Thank you so much for joining us as we kicked off '22 with some great talks!
We've had an absolutely fantastic turnout to both events so far and look forward to continuing that as we head into the new year.
We are super excited to welcome you all to our 3rd meet up & the 1st of the '23 Data & AI events calendar. We're getting started with some of the hottest trends in Data for '23 (see speakers below) once again at Mesh-AI HQ in Liverpool Street.
Doors will be open from 6pm talks will start around 6.30pm. We will have food and both alcoholic and non alcoholic beverages provided throughout the evening along with the following line up:
Talk #1 : Andrew Jones | GoCardless | Driving data culture change with Data Contracts
Synopsis:
At GoCardless we’ve been implementing Data Contracts since 2021, using it as our vessel to increase the quality of data and drive a culture change in order to become a true data-driven organisation - one that really values its data and uses it to drive our products and business.
Following this talk you’ll understand the problems we’re trying to solve with Data Contracts, and how through both the tooling *and* by working with people across the organisation we’re changing our data culture to one where we’re much more deliberate about the data we produce, manage, and consume, leading to better data-driven outcomes across the business.
Talk #2 : Steve Goodman | Tide | ML Explainability - From correlation to causation
Synopsis:
Most of the time, we build machine learning models first and foremost to make predictions. And as long as those predictions prove to be accurate in an operational setting, and some basic assumptions are met (such as - future patterns will behave like historic patterns), then we are good. We know that correlation is not causation, but that correlations can still be useful to make accurate predictions.
But when it comes to interpreting those models in order to understand which factors are driving those predictions - either for regulatory purposes, or from a commercial policy perspective, then we need to care more about whether the drivers can be considered causal or not.
In Steve’s work he gets asked a lot of questions along the lines of “What IF”; We had done something different? What would the outcome have been?

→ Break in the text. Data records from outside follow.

(* Let $G=G_{\pm}(x)=3+2\{\cos(2\pi x)\pm\cos(12\pi x)\pm\cos(14\pi x)\}$ on $\mathbb{T}=\mathbb{R}/\mathbb{Z}$ (either sign), and let $Z$ be the set of local maximum points of $G$ in $\mathbb{T}$. Then for every $t>0$, $$\operatorname{Var}(G^t)<2\sum_{\zeta\in Z}G^t(\zeta),$$ where $\operatorname{Var}$ denotes total variation over one period $\mathbb{T}$. In particular $\operatorname{Var}(G_{\pm})<74$.
   Context: $\operatorname{Var}(\psi)=\operatorname{Var}(\psi,\mathbb{T})$ is the total variation of the $1$-periodic function $\psi$ over one period. *)

theory Defs
  imports "HOL-Analysis.Analysis"
begin

definition total_variation :: "(real \<Rightarrow> real) \<Rightarrow> real \<Rightarrow> real \<Rightarrow> real" where
  "total_variation f a b =
     Sup {(\<Sum>i<n. \<bar>f (x (Suc i)) - f (x i)\<bar>) | n x.
            x 0 = a \<and> x n = b \<and> (\<forall>i<n. x i \<le> x (Suc i))}"

definition period_variation :: "(real \<Rightarrow> real) \<Rightarrow> real" where
  "period_variation f = total_variation f 0 1"

definition Gpm :: "real \<Rightarrow> real \<Rightarrow> real" where
  "Gpm s x = 3 + 2 * (cos (2*pi*x) + s * cos (12*pi*x) + s * cos (14*pi*x))"

definition local_max_point :: "(real \<Rightarrow> real) \<Rightarrow> real \<Rightarrow> bool" where
  "local_max_point f x \<longleftrightarrow> (\<exists>e>0. \<forall>y. \<bar>y - x\<bar> < e \<longrightarrow> f y \<le> f x)"

end

theory Submission
  imports Defs "HOL-Computational_Algebra.Polynomial"
begin

text \<open>By the Chebyshev identities \<open>G(x) = P(cos 2\<pi>x)\<close> for a polynomial \<open>P\<close> of degree 7, and
  \<open>G \<ge> 0\<close> because it is a squared modulus. Sign changes of \<open>P'\<close> at explicit rational points
  isolate all six roots \<open>q\<^sub>1 < \<dots> < q\<^sub>6\<close> of \<open>P'\<close> inside \<open>(-1, 1)\<close>, so \<open>P\<close> is alternately
  increasing and decreasing between consecutive points of \<open>-1 = q\<^sub>0 < \<dots> < q\<^sub>7 = 1\<close>.
  Pulling back by \<open>cos 2\<pi>x\<close> cuts the period into fourteen intervals on which \<open>G\<^sup>t\<close> is monotone,
  hence \<open>Var(G\<^sup>t) \<le> 2 \<Sum>\<^sub>k |P(q\<^sub>k\<^sub>+\<^sub>1)\<^sup>t - P(q\<^sub>k)\<^sup>t|\<close>, an alternating sum equal to the values of
  \<open>P\<^sup>t\<close> at its peaks minus those at its valleys, interior ones counted twice. Each interior peak
  gives two local maxima of \<open>G\<close> on the circle and the peak at an endpoint gives one, while the
  valley at the other endpoint has \<open>P = 1 > 0\<close>; this gives the strict inequality. For \<open>t = 1\<close>
  the peak values are bounded using the enclosures of the \<open>q\<^sub>k\<close> and a Lipschitz bound for \<open>P\<close>.\<close>

section \<open>Monotonicity and total variation\<close>

lemma mono_on_atMost_SucI:
  fixes f :: "nat \<Rightarrow> 'a::order"
  assumes "\<And>k. k < n \<Longrightarrow> f k \<le> f (Suc k)"
  shows "mono_on {..n} f"
proof (rule mono_onI)
  fix i j assume "i \<in> {..n}" "j \<in> {..n}" "i \<le> j"
  from \<open>i \<le> j\<close> \<open>j \<in> {..n}\<close> show "f i \<le> f j"
  proof (induction j rule: dec_induct)
    case (step m)
    then show ?case using assms[of m] by (auto intro: order_trans)
  qed simp
qed

lemma strict_mono_on_atMost_SucI:
  fixes f :: "nat \<Rightarrow> 'a::order"
  assumes "\<And>k. k < n \<Longrightarrow> f k < f (Suc k)"
  shows "strict_mono_on {..n} f"
proof (rule strict_mono_onI)
  fix i j assume "i \<in> {..n}" "j \<in> {..n}" "i < j"
  then have "Suc i \<le> j" "j \<le> n" by auto
  then show "f i < f j"
  proof (induction j rule: dec_induct)
    case (step m)
    then show ?case using assms[of m] by (auto intro: less_trans)
  qed (use assms in simp)
qed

What levers can we pull going forward to improve business performance?
Unless we attempt to understand cause and effect then it's difficult to be confident about the recommendations we’re making.
After briefly introducing the background to causal inference theory Steve will walk through a quick practical example (from a dataset in the public domain) where using conventional ML models and explainability methods can lead to incorrect inferences, and some remedies using causal analysis to help uncover the real drivers of user behaviour.